lemma continuous_partials_imp_has_derivative:
  fixes f :: "real^'n \<Rightarrow> real"
  assumes "\<And>i x. ((\<lambda>s. f (x + s *\<^sub>R axis i 1)) has_real_derivative D i x) (at 0)"
    and "\<And>i. continuous_on UNIV (D i)"
  shows "(f has_derivative (\<lambda>h. \<Sum>i\<in>UNIV. h$i * D i x)) (at x)"
proof -
  have "((\<lambda>h. f (x + h)) has_derivative (\<lambda>h. \<Sum>i\<in>UNIV. h$i * D i x)) (at (x - x))"
    using has_derivative_partials_restricted[OF assms, of x UNIV] by simp
  from has_derivative_compose[OF has_derivative_diff[OF has_derivative_ident has_derivative_const]
      this]
  show ?thesis
    by simp
qed

lemma continuous_on_matrix_vector_mult [continuous_intros]:
  fixes A :: "'a::topological_space \<Rightarrow> real^'n^'m"
  assumes "continuous_on S A" and "continuous_on S x"
  shows "continuous_on S (\<lambda>z. A z *v x z)"
  unfolding matrix_vector_mult_def
  by (intro continuous_intros continuous_on_vec_lambda continuous_on_component assms)

lemma smooth_map_partial_derivatives:
  fixes g :: "real^'n \<Rightarrow> real^'m"
  assumes "smooth_map g"
  obtains D where "\<And>j i x. ((\<lambda>s. g (x + s *\<^sub>R axis i 1) $ j) has_real_derivative D j i x) (at 0)"
    and "\<And>j i. continuous_on UNIV (D j i)"
proof -
  have "\<forall>j i. \<exists>D. (\<forall>x. ((\<lambda>s. g (x + s *\<^sub>R axis i 1) $ j) has_real_derivative D x) (at 0))
      \<and> continuous_on UNIV D"
  proof (intro allI)
    fix j i
    have "Ck_scalar 2 (\<lambda>x. g x $ j)"
      using assms unfolding smooth_map_def by blast
    then show "\<exists>D. (\<forall>x. ((\<lambda>s. g (x + s *\<^sub>R axis i 1) $ j) has_real_derivative D x) (at 0))
      \<and> continuous_on UNIV D"
      by (simp only: numeral_2_eq_2 Ck_scalar.simps) blast
  qed
  then show ?thesis
    using that by (simp only: choice_iff) blast
qed
lemma nn_integral_change_of_variables_open:
  fixes g :: "real^'n::{finite,wellorder} \<Rightarrow> real^'n::_" and f :: "real^'n::_ \<Rightarrow> real"
  assumes S: "open S"
    and der: "\<And>x. x \<in> S \<Longrightarrow> (g has_derivative g' x) (at x)"
    and inj: "inj_on g S"
    and f_cont: "continuous_on (g ` S) f" and f_nonneg: "\<And>y. y \<in> g ` S \<Longrightarrow> 0 \<le> f y"
    and Jf_cont: "continuous_on S (\<lambda>x. \<bar>det (matrix (g' x))\<bar> * f (g x))"
  shows "(\<integral>\<^sup>+y\<in>g ` S. ennreal (f y) \<partial>lborel) =
           (\<integral>\<^sup>+x\<in>S. ennreal (\<bar>det (matrix (g' x))\<bar> * f (g x)) \<partial>lborel)"
proof -
  let ?Jf = "\<lambda>x. \<bar>det (matrix (g' x))\<bar> * f (g x)"
  have "continuous_on S g"
    using der by (meson continuous_at_imp_continuous_on has_derivative_continuous)
  then have open_image: "open (g ` S)"
    using invariance_of_domain S inj by blast
  have change: "?Jf absolutely_integrable_on S \<and> integral S ?Jf = b
            \<longleftrightarrow> f absolutely_integrable_on g ` S \<and> integral (g ` S) f = b" for b
  proof -
    \<comment> \<open>The library states change of variables for vector-valued integrands; read it in \<open>real^1\<close>.\<close>
    have "(\<lambda>x. \<bar>det (matrix (g' x))\<bar> *\<^sub>R vec (f (g x)) :: real^1) absolutely_integrable_on S \<and>
            integral S (\<lambda>x. \<bar>det (matrix (g' x))\<bar> *\<^sub>R vec (f (g x))) = (vec b :: real^1)
          \<longleftrightarrow> (\<lambda>y. vec (f y) :: real^1) absolutely_integrable_on g ` S \<and>
            integral (g ` S) (\<lambda>y. vec (f y)) = (vec b :: real^1)"
      using S der inj by (intro has_absolute_integral_change_of_variables)
        (auto intro: has_derivative_at_withinI)
    then show ?thesis
      by (simp add: absolutely_integrable_on_1_iff integral_on_1_eq)
  qed
  then have same_integrability: "?Jf absolutely_integrable_on S \<longleftrightarrow> f absolutely_integrable_on g ` S"
    and same_integral: "f absolutely_integrable_on g ` S \<Longrightarrow> integral (g ` S) f = integral S ?Jf"
    by blast+
  have Jf_nonneg: "\<And>x. x \<in> S \<Longrightarrow> 0 \<le> ?Jf x"
    using f_nonneg by simp
  have "(\<integral>\<^sup>+y\<in>g ` S. ennreal (f y) \<partial>lborel) =
          (if f absolutely_integrable_on g ` S then ennreal (integral (g ` S) f) else \<infinity>)"
    by (rule nn_integral_open_continuous[OF open_image f_cont f_nonneg])
  also have "\<dots> = (if ?Jf absolutely_integrable_on S then ennreal (integral S ?Jf) else \<infinity>)"
    using same_integrability same_integral by simp
  also have "\<dots> = (\<integral>\<^sup>+x\<in>S. ennreal (?Jf x) \<partial>lborel)"
    by (rule nn_integral_open_continuous[OF S Jf_cont Jf_nonneg, symmetric])
  finally show ?thesis .
qed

________________

**WORK REQUEST**
Output each entry precisely as given.

**FINISHED TASK**
lemma continuous_partials_imp_has_derivative:
  fixes f :: "real^'n \<Rightarrow> real"
  assumes "\<And>i x. ((\<lambda>s. f (x + s *\<^sub>R axis i 1)) has_real_derivative D i x) (at 0)"
    and "\<And>i. continuous_on UNIV (D i)"
  shows "(f has_derivative (\<lambda>h. \<Sum>i\<in>UNIV. h$i * D i x)) (at x)"
proof -
  have "((\<lambda>h. f (x + h)) has_derivative (\<lambda>h. \<Sum>i\<in>UNIV. h$i * D i x)) (at (x - x))"
    using has_derivative_partials_restricted[OF assms, of x UNIV] by simp
  from has_derivative_compose[OF has_derivative_diff[OF has_derivative_ident has_derivative_const]
      this]
  show ?thesis
    by simp
qed

lemma continuous_on_matrix_vector_mult [continuous_intros]:
  fixes A :: "'a::topological_space \<Rightarrow> real^'n^'m"
  assumes "continuous_on S A" and "continuous_on S x"
  shows "continuous_on S (\<lambda>z. A z *v x z)"
  unfolding matrix_vector_mult_def
  by (intro continuous_intros continuous_on_vec_lambda continuous_on_component assms)

lemma smooth_map_partial_derivatives:
  fixes g :: "real^'n \<Rightarrow> real^'m"
  assumes "smooth_map g"
  obtains D where "\<And>j i x. ((\<lambda>s. g (x + s *\<^sub>R axis i 1) $ j) has_real_derivative D j i x) (at 0)"
    and "\<And>j i. continuous_on UNIV (D j i)"
proof -
  have "\<forall>j i. \<exists>D. (\<forall>x. ((\<lambda>s. g (x + s *\<^sub>R axis i 1) $ j) has_real_derivative D x) (at 0))
      \<and> continuous_on UNIV D"
  proof (intro allI)
    fix j i
    have "Ck_scalar 2 (\<lambda>x. g x $ j)"
      using assms unfolding smooth_map_def by blast
    then show "\<exists>D. (\<forall>x. ((\<lambda>s. g (x + s *\<^sub>R axis i 1) $ j) has_real_derivative D x) (at 0))
      \<and> continuous_on UNIV D"
      by (simp only: numeral_2_eq_2 Ck_scalar.simps) blast
  qed
  then show ?thesis
    using that by (simp only: choice_iff) blast
qed
lemma nn_integral_change_of_variables_open:
  fixes g :: "real^'n::{finite,wellorder} \<Rightarrow> real^'n::_" and f :: "real^'n::_ \<Rightarrow> real"
  assumes S: "open S"
    and der: "\<And>x. x \<in> S \<Longrightarrow> (g has_derivative g' x) (at x)"
    and inj: "inj_on g S"
    and f_cont: "continuous_on (g ` S) f" and f_nonneg: "\<And>y. y \<in> g ` S \<Longrightarrow> 0 \<le> f y"
    and Jf_cont: "continuous_on S (\<lambda>x. \<bar>det (matrix (g' x))\<bar> * f (g x))"
  shows "(\<integral>\<^sup>+y\<in>g ` S. ennreal (f y) \<partial>lborel) =
           (\<integral>\<^sup>+x\<in>S. ennreal (\<bar>det (matrix (g' x))\<bar> * f (g x)) \<partial>lborel)"
proof -
  let ?Jf = "\<lambda>x. \<bar>det (matrix (g' x))\<bar> * f (g x)"
  have "continuous_on S g"
    using der by (meson continuous_at_imp_continuous_on has_derivative_continuous)
  then have open_image: "open (g ` S)"
    using invariance_of_domain S inj by blast
  have change: "?Jf absolutely_integrable_on S \<and> integral S ?Jf = b
            \<longleftrightarrow> f absolutely_integrable_on g ` S \<and> integral (g ` S) f = b" for b
  proof -
    \<comment> \<open>The library states change of variables for vector-valued integrands; read it in \<open>real^1\<close>.\<close>
    have "(\<lambda>x. \<bar>det (matrix (g' x))\<bar> *\<^sub>R vec (f (g x)) :: real^1) absolutely_integrable_on S \<and>
            integral S (\<lambda>x. \<bar>det (matrix (g' x))\<bar> *\<^sub>R vec (f (g x))) = (vec b :: real^1)
          \<longleftrightarrow> (\<lambda>y. vec (f y) :: real^1) absolutely_integrable_on g ` S \<and>
            integral (g ` S) (\<lambda>y. vec (f y)) = (vec b :: real^1)"
      using S der inj by (intro has_absolute_integral_change_of_variables)
        (auto intro: has_derivative_at_withinI)
    then show ?thesis
      by (simp add: absolutely_integrable_on_1_iff integral_on_1_eq)
  qed
  then have same_integrability: "?Jf absolutely_integrable_on S \<longleftrightarrow> f absolutely_integrable_on g ` S"
    and same_integral: "f absolutely_integrable_on g ` S \<Longrightarrow> integral (g ` S) f = integral S ?Jf"
    by blast+
  have Jf_nonneg: "\<And>x. x \<in> S \<Longrightarrow> 0 \<le> ?Jf x"
    using f_nonneg by simp
  have "(\<integral>\<^sup>+y\<in>g ` S. ennreal (f y) \<partial>lborel) =
          (if f absolutely_integrable_on g ` S then ennreal (integral (g ` S) f) else \<infinity>)"
    by (rule nn_integral_open_continuous[OF open_image f_cont f_nonneg])
  also have "\<dots> = (if ?Jf absolutely_integrable_on S then ennreal (integral S ?Jf) else \<infinity>)"
    using same_integrability same_integral by simp
  also have "\<dots> = (\<integral>\<^sup>+x\<in>S. ennreal (?Jf x) \<partial>lborel)"
    by (rule nn_integral_open_continuous[OF S Jf_cont Jf_nonneg, symmetric])
  finally show ?thesis .
qed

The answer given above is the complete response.